16.1 Legacy Series / [SOLVED] dhcp-pd: default ipv6 route setup fails

« on: July 05, 2016, 11:15:26 pm »

I've got a problem getting DHCP-PD to work for my ISP xs4all. There's a nice tutorial for xs4all & ipv6 (in Dutch, http://blog.firewallonline.nl/how-to-en-tutorials/xs4all-pfsense-opnsense-ipv6/) that I followed. Others report succes, I can't get it to work.

I run the latest OPNsense 16.1.18-amd64.

The setup boils down to this:

- setup WAN with PPPoE for ipv4 and DHCPv6 voor ipv6
- setup DHCPv6 to use the ipv4 connectivity and request only a /48 prefix delegation
- setup the LAN to ipv4 static and ipv6 to track the WAN interface with prefix id 0.

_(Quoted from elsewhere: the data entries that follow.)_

(* The set of finite factors of $\mathbf{t}_{3/2}$ and the set of finite factors of $\mathbf{t}'$ are each closed under reversal: if $u\in\{0,1\}^*$ is a factor of one of these words, then so is its reversal $u^R$.
   Context: Base-$3/2$ expansions: $\langle 0\rangle_{3/2}$ is the empty word, and for $n\ge 1$, writing $2n=3m+d$ with integers $m\ge0$, $d\in\{0,1,2\}$, set $\langle n\rangle_{3/2}=\langle m\rangle_{3/2}\,d$. The Thue--Morse word in base $3/2$ is $\mathbf{t}_{3/2}=(t_n)_{n\ge0}\in\{0,1\}^{\mathbb{N}}$ where $t_n$ is the digit sum of $\langle n\rangle_{3/2}$ modulo $2$; equivalently the unique binary sequence with $t_0=0$, $t_{3n}=t_{3n+1}=t_{2n}$, $t_{3n+2}=1-t_{2n+1}$. Dekking's word $\mathbf{t}'=(x_n)_{n\ge0}$ is the unique binary infinite word with $x_0=0$ such that $\mathbf{t}'=\beta(x_0x_1)\beta(x_2x_3)\cdots$ where $\beta(00)=\beta(01)=010$, $\beta(10)=\beta(11)=101$. The reversal of $a_1\cdots a_n$ is $a_n\cdots a_1$. *)

theory Defs
  imports Main
begin

function base32 :: "nat \<Rightarrow> nat list" where
  "base32 n = (if n = 0 then [] else base32 ((2 * n) div 3) @ [(2 * n) mod 3])"
  by pat_completeness auto
termination
  by (relation "measure id") auto

declare base32.simps[simp del]

definition tm32 :: "nat \<Rightarrow> nat" where
  "tm32 n = sum_list (base32 n) mod 2"

text \<open>Dekking's morphism on length-2 blocks: beta(00)=beta(01)=010, beta(10)=beta(11)=101.\<close>
definition beta :: "nat \<Rightarrow> nat \<Rightarrow> nat list" where
  "beta a b = (if a = 0 then [0, 1, 0] else [1, 0, 1])"

text \<open>Dekking's word: the unique binary word x with x_0 = 0 and
  x = beta(x_0 x_1) beta(x_2 x_3) ...; position n of the concatenation lies in the
  block number n div 3, at offset n mod 3.\<close>
definition dekking :: "nat \<Rightarrow> nat" where
  "dekking = (THE x. (\<forall>n. x n \<in> {0, 1}) \<and> x 0 = 0 \<and>
      (\<forall>n. x n = beta (x (2 * (n div 3))) (x (2 * (n div 3) + 1)) ! (n mod 3)))"

definition factor_of :: "nat list \<Rightarrow> (nat \<Rightarrow> nat) \<Rightarrow> bool" where
  "factor_of u w \<longleftrightarrow> (\<exists>i. u = map w [i..<i + length u])"

end

(*
  Call c a mirror point of the infinite word w for a prefix length M if c >= M and
  w (c - n) = w n for all n <= M.  If every M has one, the reversal of a factor
  w[i..<i+L] reappears as w[c+1-i-L..<c+1-i], so factors are closed under reversal.

  For t_{3/2}: if n ends in j base-3/2 digits after the prefix x, and x + x' + 2 = 2^j y,
  then 3^j y - 2 - n ends in the complementary digits 2 - d (same parity) after the
  prefix x'.  Taking j so large that every n <= M has empty prefix, and y with
  t_{3/2} (2^j y - 2) = 0, makes 3^j y - 2 a mirror point.  Dekking's word is t_{3/2}
  with every letter a replaced by the palindrome a (1-a) a, so c |-> 3c + 2 carries
  its mirror points over.
*)
theory Submission
  imports Defs "HOL-Number_Theory.Cong"
begin

definition has_mirror_points :: "(nat \<Rightarrow> 'a) \<Rightarrow> bool" where
  "has_mirror_points w \<longleftrightarrow> (\<forall>M. \<exists>c\<ge>M. \<forall>n\<le>M. w (c - n) = w n)"

lemma factor_of_rev:
  assumes "has_mirror_points w" and "factor_of u w"
  shows "factor_of (rev u) w"
proof -
  obtain i where u: "u = map w [i..<i + length u]"
    using assms(2) unfolding factor_of_def by blast
  obtain c where c: "c \<ge> i + length u" "\<forall>n\<le>i + length u. w (c - n) = w n"
    using assms(1) unfolding has_mirror_points_def by blast
  define L where "L = length u"
  have "rev u = map w [Suc c - (i + L)..<Suc c - (i + L) + length (rev u)]"
  proof (rule nth_equalityI)
    fix k
    assume k: "k < length (rev u)"
    then have "rev u ! k = w (i + (L - Suc k))"
      by (subst u) (simp add: rev_nth L_def)
    also have "\<dots> = w (c - (i + (L - Suc k)))"
      by (rule c(2)[rule_format, symmetric]) (simp add: L_def)
    also have "c - (i + (L - Suc k)) = Suc c - (i + L) + k"
      using c(1) k by (simp add: L_def)
    finally show "rev u ! k = map w [Suc c - (i + L)..<Suc c - (i + L) + length (rev u)] ! k"
      using k by simp
  qed simp
  then show ?thesis
    unfolding factor_of_def by blast
qed

lemma has_mirror_points_block_subst:
  assumes "has_mirror_points w" and "0 < b" and "\<And>a r. r < b \<Longrightarrow> f a (b - 1 - r) = f a r"
  shows "has_mirror_points (\<lambda>n. f (w (n div b)) (n mod b))"
  unfolding has_mirror_points_def
proof
  fix M
  obtain c where c: "M div b \<le> c" "\<forall>k\<le>M div b. w (c - k) = w k"
    using assms(1) unfolding has_mirror_points_def by blast
  show "\<exists>c'\<ge>M. \<forall>n\<le>M. f (w ((c' - n) div b)) ((c' - n) mod b) = f (w (n div b)) (n mod b)"
  proof (intro exI[of _ "b * c + (b - 1)"] conjI allI impI)
    have "M = b * (M div b) + M mod b" "M mod b < b" "b * (M div b) \<le> b * c"
      using assms(2) c(1) by simp_all
    then show "M \<le> b * c + (b - 1)"
      by linarith
    fix n
    assume "n \<le> M"
    define k r where "k = n div b" and "r = n mod b"
    have "k \<le> M div b"
      unfolding k_def using \<open>n \<le> M\<close> by (rule div_le_mono)
    then have "b * k \<le> b * c" "b * (c - k) = b * c - b * k"
      using c(1) by (simp_all add: diff_mult_distrib2)
    moreover have "n = b * k + r" "r < b"
      unfolding k_def r_def using assms(2) by simp_all
    ultimately have "b * c + (b - 1) - n = b * (c - k) + (b - 1 - r)"
      by linarith
    then have "(b * c + (b - 1) - n) div b = c - k" "(b * c + (b - 1) - n) mod b = b - 1 - r"
      using assms(2) by simp_all
    then show "f (w ((b * c + (b - 1) - n) div b)) ((b * c + (b - 1) - n) mod b) = f (w (n div b)) (n mod b)"
      using c(2) \<open>k \<le> M div b\<close> assms(3) \<open>r < b\<close> unfolding k_def r_def by simp
  qed
qed

lemma mod2_add_2_minus: "d < 3 \<Longrightarrow> (a + (2 - d)) mod 2 = (a + d) mod 2"
  for a d :: nat
  by (auto simp: less_Suc_eq numeral_3_eq_3)

definition drop_digit :: "nat \<Rightarrow> nat" where
  "drop_digit n = 2 * n div 3"

lemma tm32_0 [simp]: "tm32 0 = 0"
  by (simp add: tm32_def base32.simps)

lemma tm32_less_2 [simp]: "tm32 n < 2"
  by (simp add: tm32_def)

lemma tm32_rec: "tm32 n = (tm32 (drop_digit n) + 2 * n mod 3) mod 2"
  by (cases "n = 0") (simp_all add: tm32_def drop_digit_def base32.simps[of n] mod_add_left_eq)

lemma tm32_2: "tm32 2 = 1"
proof -
  have "tm32 1 = 0"
    using tm32_rec[of 1] by (simp add: drop_digit_def)
  then show ?thesis
    using tm32_rec[of 2] by (simp add: drop_digit_def)
qed

lemma drop_digit_iter_eventually_0: "\<exists>j. (drop_digit ^^ j) n = 0"
proof (induction n rule: less_induct)
  case (less n)
  show ?case
  proof (cases "n = 0")
    case True
    then have "(drop_digit ^^ 0) n = 0"
      by simp
    then show ?thesis ..
  next
    case False
    then have "drop_digit n < n"
      by (simp add: drop_digit_def)
    then obtain j where "(drop_digit ^^ j) (drop_digit n) = 0"
      using less by blast
    then have "(drop_digit ^^ Suc j) n = 0"
      by (simp only: funpow_Suc_right comp_apply)
    then show ?thesis ..
  qed
qed

lemma drop_digit_iter_mono: "n \<le> m \<Longrightarrow> (drop_digit ^^ j) n \<le> (drop_digit ^^ j) m"
  by (induction j) (auto simp: drop_digit_def div_le_mono)

text \<open>Passing from \<open>n\<close> to \<open>n'\<close> replaces each of the last \<open>j\<close> base-3/2 digits \<open>d\<close>
  of \<open>n\<close> by \<open>2 - d\<close>, which has the same parity, and the remaining prefix \<open>x\<close> by \<open>x'\<close>.\<close>

lemma tm32_reflection:
  assumes "(drop_digit ^^ j) n = x" and "x + x' + 2 = 2 ^ j * y"
  shows "\<exists>n'. n + n' + 2 = 3 ^ j * y \<and> (drop_digit ^^ j) n' = x' \<and>
           tm32 n' = (tm32 n + tm32 x + tm32 x') mod 2"
  using assms
proof (induction j arbitrary: n y)
  case 0
  have "tm32 x' = (tm32 x + tm32 x + tm32 x') mod 2"
    using tm32_less_2[of x'] by presburger
  with 0 show ?case
    by auto
next
  case (Suc j)
  define A where "A = 3 ^ j * y"
  define d where "d = 2 * n mod 3"
  have digits: "2 * n = 3 * drop_digit n + d" "d < 3"
    by (simp_all add: drop_digit_def d_def)
  have "(drop_digit ^^ j) (drop_digit n) = x"
    using Suc.prems(1) by (simp only: funpow_Suc_right comp_apply)
  moreover have "x + x' + 2 = 2 ^ j * (2 * y)"
    using Suc.prems(2) by simp
  ultimately obtain m' where m': "drop_digit n + m' + 2 = 2 * A" "(drop_digit ^^ j) m' = x'"
      "tm32 m' = (tm32 (drop_digit n) + tm32 x + tm32 x') mod 2"
    using Suc.IH by (fastforce simp: A_def mult.left_commute)
  define n' where "n' = 3 * A - n - 2"
  have sum: "n + n' + 2 = 3 * A"
    using m'(1) digits unfolding n'_def by linarith
  have "2 * n' = 3 * m' + (2 - d)"
    using m'(1) digits sum by linarith
  then have drop_n': "drop_digit n' = m'" and digit_n': "2 * n' mod 3 = 2 - d"
    by (simp_all add: drop_digit_def)
  have "tm32 n' = (tm32 m' + (2 - d)) mod 2"
    using tm32_rec[of n'] unfolding drop_n' digit_n' .
  also have "\<dots> = (tm32 m' + d) mod 2"
    using digits(2) by (rule mod2_add_2_minus)
  also have "\<dots> = (tm32 (drop_digit n) + d + tm32 x + tm32 x') mod 2"
    unfolding m'(3) by (simp add: mod_add_left_eq mod_add_right_eq ac_simps)
  also have "\<dots> = ((tm32 (drop_digit n) + d) mod 2 + tm32 x + tm32 x') mod 2"
    by (simp add: mod_add_left_eq add.assoc)
  also have "\<dots> = (tm32 n + tm32 x + tm32 x') mod 2"
    unfolding d_def by (simp only: tm32_rec[of n, symmetric])
  finally have "tm32 n' = (tm32 n + tm32 x + tm32 x') mod 2" .
  moreover have "(drop_digit ^^ Suc j) n' = x'"
    using m'(2) drop_n' by (simp only: funpow_Suc_right comp_apply)
  ultimately show ?case
    using sum by (intro exI[of _ n']) (simp add: A_def)
qed

lemma ex_tm32_eq_0_pow2_dvd_plus_2:
  assumes "(drop_digit ^^ j) 2 = 0"
  shows "\<exists>m. 2 ^ j dvd m + 2 \<and> tm32 m = 0"
proof -
  have "coprime ((3::nat) ^ j) (2 ^ j)"
    by simp
  then obtain z :: nat where z: "[3 ^ j * z = 1] (mod 2 ^ j)"
    by (metis cong_solve_coprime_nat One_nat_def)
  \<comment> \<open>\<open>y\<close> is chosen so that the reflection \<open>3 ^ j * y - 4\<close> of \<open>2\<close> is again \<open>-2\<close> modulo \<open>2 ^ j\<close>\<close>
  define y where "y = 2 * (z + 2 ^ j)"
  have "[2 * (3 ^ j * z) + 2 ^ j * (2 * 3 ^ j) = 2 * 1 + 0] (mod 2 ^ j)"
    using z by (intro cong_add cong_scalar_left cong_mult_self_left)
  then have y_cong: "[3 ^ j * y = 2] (mod 2 ^ j)"
    by (simp add: y_def algebra_simps numeral_2_eq_2)
  define m where "m = 2 ^ j * y - 2"
  have "1 \<le> z + (2::nat) ^ j"
    by (simp add: Suc_le_eq)
  then have "2 \<le> y"
    by (simp add: y_def)
  moreover have "y \<le> 2 ^ j * y"
    by simp
  ultimately have m: "0 + m + 2 = 2 ^ j * y"
    unfolding m_def by linarith
  show ?thesis
  proof (cases "tm32 m = 0")
    case True
    moreover have "2 ^ j dvd m + 2"
      using m by simp
    ultimately show ?thesis
      by blast
  next
    case False
    then have "tm32 m = 1"
      using tm32_less_2[of m] by linarith
    obtain n' where n': "2 + n' + 2 = 3 ^ j * y" "tm32 n' = (tm32 2 + tm32 0 + tm32 m) mod 2"
      using tm32_reflection[OF assms m] by blast
    have "2 ^ j dvd 3 ^ j * y - 2"
      using y_cong n'(1) by (simp add: cong_altdef_nat)
    moreover have "3 ^ j * y - 2 = n' + 2"
      using n'(1) by linarith
    ultimately have "2 ^ j dvd n' + 2"
      by simp
    moreover have "tm32 n' = 0"
      using n'(2) \<open>tm32 m = 1\<close> tm32_2 by simp
    ultimately show ?thesis
      by blast
  qed
qed

lemma has_mirror_points_tm32: "has_mirror_points tm32"
  unfolding has_mirror_points_def
proof
  fix M
  obtain j where "(drop_digit ^^ j) (M + 2) = 0"
    using drop_digit_iter_eventually_0 by blast
  then have below: "(drop_digit ^^ j) n = 0" if "n \<le> M + 2" for n
    using drop_digit_iter_mono[OF that, of j] by simp
  obtain m where "2 ^ j dvd m + 2" "tm32 m = 0"
    using ex_tm32_eq_0_pow2_dvd_plus_2[OF below[of 2]] by auto
  then obtain y where y: "0 + m + 2 = 2 ^ j * y"
    by auto
  have reflect: "\<exists>n'. n + n' + 2 = 3 ^ j * y \<and> tm32 n' = tm32 n" if "n \<le> M" for n
    using tm32_reflection[OF below y, of n] that \<open>tm32 m = 0\<close> tm32_less_2[of n] by auto
  show "\<exists>c\<ge>M. \<forall>n\<le>M. tm32 (c - n) = tm32 n"
  proof (intro exI[of _ "3 ^ j * y - 2"] conjI allI impI)
    show "M \<le> 3 ^ j * y - 2"
      using reflect[of M] by auto
    fix n
    assume "n \<le> M"
    then obtain n' where n': "n + n' + 2 = 3 ^ j * y" "tm32 n' = tm32 n"
      using reflect by blast
    then have "3 ^ j * y - 2 - n = n'"
      by linarith
    with n'(2) show "tm32 (3 ^ j * y - 2 - n) = tm32 n"
      by simp
  qed
qed

lemma beta_fixpoint_unique:
  assumes "x 0 = x' 0"
    and "\<And>n. x n = beta (x (2 * (n div 3))) (x (2 * (n div 3) + 1)) ! (n mod 3)"
    and "\<And>n. x' n = beta (x' (2 * (n div 3))) (x' (2 * (n div 3) + 1)) ! (n mod 3)"
  shows "x = x'"
proof
  fix n
  show "x n = x' n"
  proof (induction n rule: less_induct)
    case (less n)
    show ?case
    proof (cases "n = 0")
      case False
      then have "x (2 * (n div 3)) = x' (2 * (n div 3))"
        using less by simp
      then show ?thesis
        using assms(2,3)[of n] by (simp add: beta_def)
    qed (use assms(1) in simp)
  qed
qed

lemma dekking_eq: "dekking = (\<lambda>n. (tm32 (n div 3) + n mod 3) mod 2)"
proof -
  define X where "X = (\<lambda>n. (tm32 (n div 3) + n mod 3) mod 2)"
  have X_beta: "X n = beta (X (2 * (n div 3))) (X (2 * (n div 3) + 1)) ! (n mod 3)" for n
  proof -
    have "X (2 * (n div 3)) = tm32 (n div 3)"
      using tm32_rec[of "n div 3"] by (simp add: X_def drop_digit_def)
    moreover have "tm32 (n div 3) = 0 \<or> tm32 (n div 3) = 1"
      using tm32_less_2[of "n div 3"] by linarith
    moreover have "n mod 3 = 0 \<or> n mod 3 = 1 \<or> n mod 3 = 2"
      by linarith
    ultimately show ?thesis
      by (auto simp: X_def beta_def)
  qed
  have "(\<forall>n. X n \<in> {0, 1}) \<and> X 0 = 0 \<and>
      (\<forall>n. X n = beta (X (2 * (n div 3))) (X (2 * (n div 3) + 1)) ! (n mod 3))"
  proof (intro conjI allI)
    show "X n \<in> {0, 1}" for n
      unfolding X_def by auto
    show "X 0 = 0"
      by (simp add: X_def)
  qed (rule X_beta)
  moreover have "x = X" if "(\<forall>n. x n \<in> {0, 1}) \<and> x 0 = 0 \<and>
      (\<forall>n. x n = beta (x (2 * (n div 3))) (x (2 * (n div 3) + 1)) ! (n mod 3))" for x
  proof (rule beta_fixpoint_unique)
    have "x 0 = 0"
      using that by blast
    then show "x 0 = X 0"
      by (simp add: X_def)
    show "x n = beta (x (2 * (n div 3))) (x (2 * (n div 3) + 1)) ! (n mod 3)" for n
      using that by blast
  qed (rule X_beta)
  ultimately have "dekking = X"
    unfolding dekking_def by (rule the_equality)
  then show ?thesis
    unfolding X_def .
qed

lemma has_mirror_points_dekking: "has_mirror_points dekking"
proof -
  have "(a + (3 - 1 - r)) mod 2 = (a + r) mod 2" if "r < 3" for a r :: nat
    using mod2_add_2_minus[OF that] by simp
  then have "has_mirror_points (\<lambda>n. (tm32 (n div 3) + n mod 3) mod 2)"
    using has_mirror_points_block_subst[OF has_mirror_points_tm32, of 3 "\<lambda>a r. (a + r) mod 2"]
    by simp
  then show ?thesis
    unfolding dekking_eq .
qed

theorem proposition17:
  shows "(\<forall>u. factor_of u tm32 \<longrightarrow> factor_of (rev u) tm32) \<and>
         (\<forall>u. factor_of u dekking \<longrightarrow> factor_of (rev u) dekking)"
  using factor_of_rev has_mirror_points_tm32 has_mirror_points_dekking by blast

end
(* Consider a tree power network $(\mathcal{V},\mathcal{E})$, $\mathcal{V}=\{1,\dots,n\}$, with fixed voltage magnitudes $|V_i|=\overline{V}_i>0$, angle limits $\underline{\theta}_{ik}\in[-\pi,0]$, $\overline{\theta}_{ik}\in[0,\pi]$ on each line, and bus power bounds $\underline{P}_i\le P_i\le\overline{P}_i$. Let $\mathcal{P}=\mathcal{P}_\theta\cap\mathcal{P}_P$ and suppose $\mathcal{P}\neq\emptyset$. Assume $$-\tan^{-1}\!\Big(\frac{b_{ik}}{g_{ik}}\Big)<\underline{\theta}_{ik}\le\overline{\theta}_{ik}<\tan^{-1}\!\Big(\frac{b_{ik}}{g_{ik}}\Big)\quad\text{for all }(i,k)\in\mathcal{E}.$$ Then: (1) for every $\mathbf{p}\in\mathcal{P}$ there exists a unique flow vector $\mathbf{f}\in\mathcal{F}_\theta$ with $\mathbf{A}\mathbf{f}=\mathbf{p}$; (2) $\mathcal{P}=\mathcal{O}(\mathcal{P})$; (3) $\mathcal{O}(\mathcal{P})=\mathcal{O}(\mathrm{conv}(\mathcal{P}))$.
   Context: Each line $(i,k)\in\mathcal{E}$ has admittance $y_{ik}=g_{ik}-jb_{ik}$ with $g_{ik},b_{ik}\ge0$. For $\theta_{ik}=\theta_i-\theta_k$ (difference of bus voltage phases), the line flows are $P_{ik}=\overline{V}_i^2 g_{ik}+\overline{V}_i\overline{V}_k b_{ik}\sin\theta_{ik}-\overline{V}_i\overline{V}_k g_{ik}\cos\theta_{ik}$ and $P_{ki}=\overline{V}_k^2 g_{ik}-\overline{V}_i\overline{V}_k b_{ik}\sin\theta_{ik}-\overline{V}_i\overline{V}_k g_{ik}\cos\theta_{ik}$. The angle-constrained flow region of line $(i,k)$, $\mathcal{F}_{\theta_{ik}}\subset\mathbb{R}^2$, is the set of $(P_{ik},P_{ki})$ as $\theta_{ik}$ ranges over $[\underline{\theta}_{ik},\overline{\theta}_{ik}]$; $\mathcal{F}_\theta=\prod_{(i,k)\in\mathcal{E}}\mathcal{F}_{\theta_{ik}}\subset\mathbb{R}^{2|\mathcal{E}|}$. $\mathbf{A}$ is the $n\times2|\mathcal{E}|$ matrix with $A(i,(k,l))=1$ if $i=k$ and $0$ otherwise, so $(\mathbf{A}\mathbf{f})_i=\sum_{k\sim i}P_{ik}$ is the injection at bus $i$. $\mathcal{P}_\theta=\mathbf{A}\mathcal{F}_\theta$ and $\mathcal{P}_P=\{\mathbf{p}\in\mathbb{R}^n:\underline{P}_i\le P_i\le\overline{P}_i\ \forall i\}$. For $\mathcal{A}\subseteq\mathbb{R}^m$, $\mathcal{O}(\mathcal{A})$ is the set of Pareto-optimal points (points $x\in\mathcal{A}$ such that no $y\in\mathcal{A}$ has $y\le x$ componentwise with strict inequality in some coordinate); $\mathrm{conv}$ denotes convex hull. *)

theory Defs
  imports "HOL-Analysis.Analysis"
begin

text \<open>Buses are the elements of a finite type 'v (so V = UNIV, n = CARD('v)).
  Lines are given by a set E of ordered pairs (i,k), one orientation per line.
  Line parameters (g, b, angle limits) are indexed by the pair (i,k) in E.\<close>

definition tree_network :: "('v::finite \<times> 'v) set \<Rightarrow> bool" where
  "tree_network E \<longleftrightarrow>
     (\<forall>(i,k)\<in>E. i \<noteq> k \<and> (k,i) \<notin> E) \<and>
     card E = CARD('v) - 1 \<and>
     (\<forall>i j. (i,j) \<in> (E \<union> E\<inverse>)\<^sup>*)"

definition dir_edges :: "('v \<times> 'v) set \<Rightarrow> ('v \<times> 'v) set" where
  "dir_edges E = E \<union> E\<inverse>"

definition flow_ik :: "('v \<Rightarrow> real) \<Rightarrow> ('v \<times> 'v \<Rightarrow> real) \<Rightarrow> ('v \<times> 'v \<Rightarrow> real)
    \<Rightarrow> 'v \<Rightarrow> 'v \<Rightarrow> real \<Rightarrow> real" where
  "flow_ik Vm g b i k \<theta> =
     (Vm i)\<^sup>2 * g (i,k) + Vm i * Vm k * b (i,k) * sin \<theta> - Vm i * Vm k * g (i,k) * cos \<theta>"

definition flow_ki :: "('v \<Rightarrow> real) \<Rightarrow> ('v \<times> 'v \<Rightarrow> real) \<Rightarrow> ('v \<times> 'v \<Rightarrow> real)
    \<Rightarrow> 'v \<Rightarrow> 'v \<Rightarrow> real \<Rightarrow> real" where
  "flow_ki Vm g b i k \<theta> =
     (Vm k)\<^sup>2 * g (i,k) - Vm i * Vm k * b (i,k) * sin \<theta> - Vm i * Vm k * g (i,k) * cos \<theta>"

text \<open>Angle-constrained flow region F_theta (product over lines), as vectors indexed
  by ordered pairs; coordinates not corresponding to a directed edge are 0.\<close>
definition flow_region ::
  "('v::finite \<times> 'v) set \<Rightarrow> ('v \<Rightarrow> real) \<Rightarrow> ('v \<times> 'v \<Rightarrow> real) \<Rightarrow> ('v \<times> 'v \<Rightarrow> real)
   \<Rightarrow> ('v \<times> 'v \<Rightarrow> real) \<Rightarrow> ('v \<times> 'v \<Rightarrow> real) \<Rightarrow> (real ^ ('v \<times> 'v)) set" where
  "flow_region E Vm g b \<theta>lo \<theta>hi =
     {f. (\<forall>e. e \<notin> dir_edges E \<longrightarrow> f $ e = 0) \<and>
         (\<forall>(i,k)\<in>E. \<exists>\<theta>. \<theta>lo (i,k) \<le> \<theta> \<and> \<theta> \<le> \<theta>hi (i,k) \<and>
              f $ (i,k) = flow_ik Vm g b i k \<theta> \<and> f $ (k,i) = flow_ki Vm g b i k \<theta>)}"

definition inj_map :: "('v::finite \<times> 'v) set \<Rightarrow> real ^ ('v \<times> 'v) \<Rightarrow> real ^ 'v" where
  "inj_map E f = (\<chi> i. \<Sum>k\<in>{k. (i,k) \<in> dir_edges E}. f $ (i,k))"

definition inj_region_theta ::
  "('v::finite \<times> 'v) set \<Rightarrow> ('v \<Rightarrow> real) \<Rightarrow> ('v \<times> 'v \<Rightarrow> real) \<Rightarrow> ('v \<times> 'v \<Rightarrow> real)
   \<Rightarrow> ('v \<times> 'v \<Rightarrow> real) \<Rightarrow> ('v \<times> 'v \<Rightarrow> real) \<Rightarrow> (real ^ 'v) set" where
  "inj_region_theta E Vm g b \<theta>lo \<theta>hi = inj_map E ` flow_region E Vm g b \<theta>lo \<theta>hi"

definition inj_region_P :: "('v::finite \<Rightarrow> real) \<Rightarrow> ('v \<Rightarrow> real) \<Rightarrow> (real ^ 'v) set" where
  "inj_region_P Plo Phi = {p. \<forall>i. Plo i \<le> p $ i \<and> p $ i \<le> Phi i}"

definition pareto :: "(real ^ 'n) set \<Rightarrow> (real ^ 'n) set" where
  "pareto S = {x \<in> S. \<not> (\<exists>y\<in>S. (\<forall>i. y $ i \<le> x $ i) \<and> (\<exists>i. y $ i < x $ i))}"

This results in a working ipv4 connection but a semi working ipv6 setup:

- I do get a ipv6 ip and gateway
- I can ping6 the ipv6 gateway, but nothing beyond that
- I don't get a ipv6 on the LAN nic

When I look in the log I noticed there seems to be a issue setting up the default route to the gateway:

opnsense: /usr/local/etc/rc.newwanipv6: rc.newwanipv6: on (IP address: fe80::20d:b9ff:fe41:e490) (interface: wan) (real interface: pppoe1).
opnsense: /usr/local/etc/rc.newwanipv6: ROUTING: setting IPv4 default route to 194.109.5.175
kernel: IPv6 address: "fe80:b::2a0:a50f:fc78:5530" is not on the network
opnsense: /usr/local/etc/rc.newwanipv6: The command '/sbin/route delete -inet6 'default' 'fe80::2a0:a50f:fc78:5530%pppoe1'' returned exit code '1', the output was 'route: writing to routing socket: No such process delete net default: gateway fe80::2a0:a50f:fc78:5530%pppoe1 fib 0: not in table'

When I look in the route table I notice:

    - an entry for my ipv4 gateway, but not for ipv6
    - an default route for my ipv4 gateway, but not for ipv6

I tried many things, but this is the best result I could get. What could be causing the default ipv6 route setup to fail? What can I try to remedy this?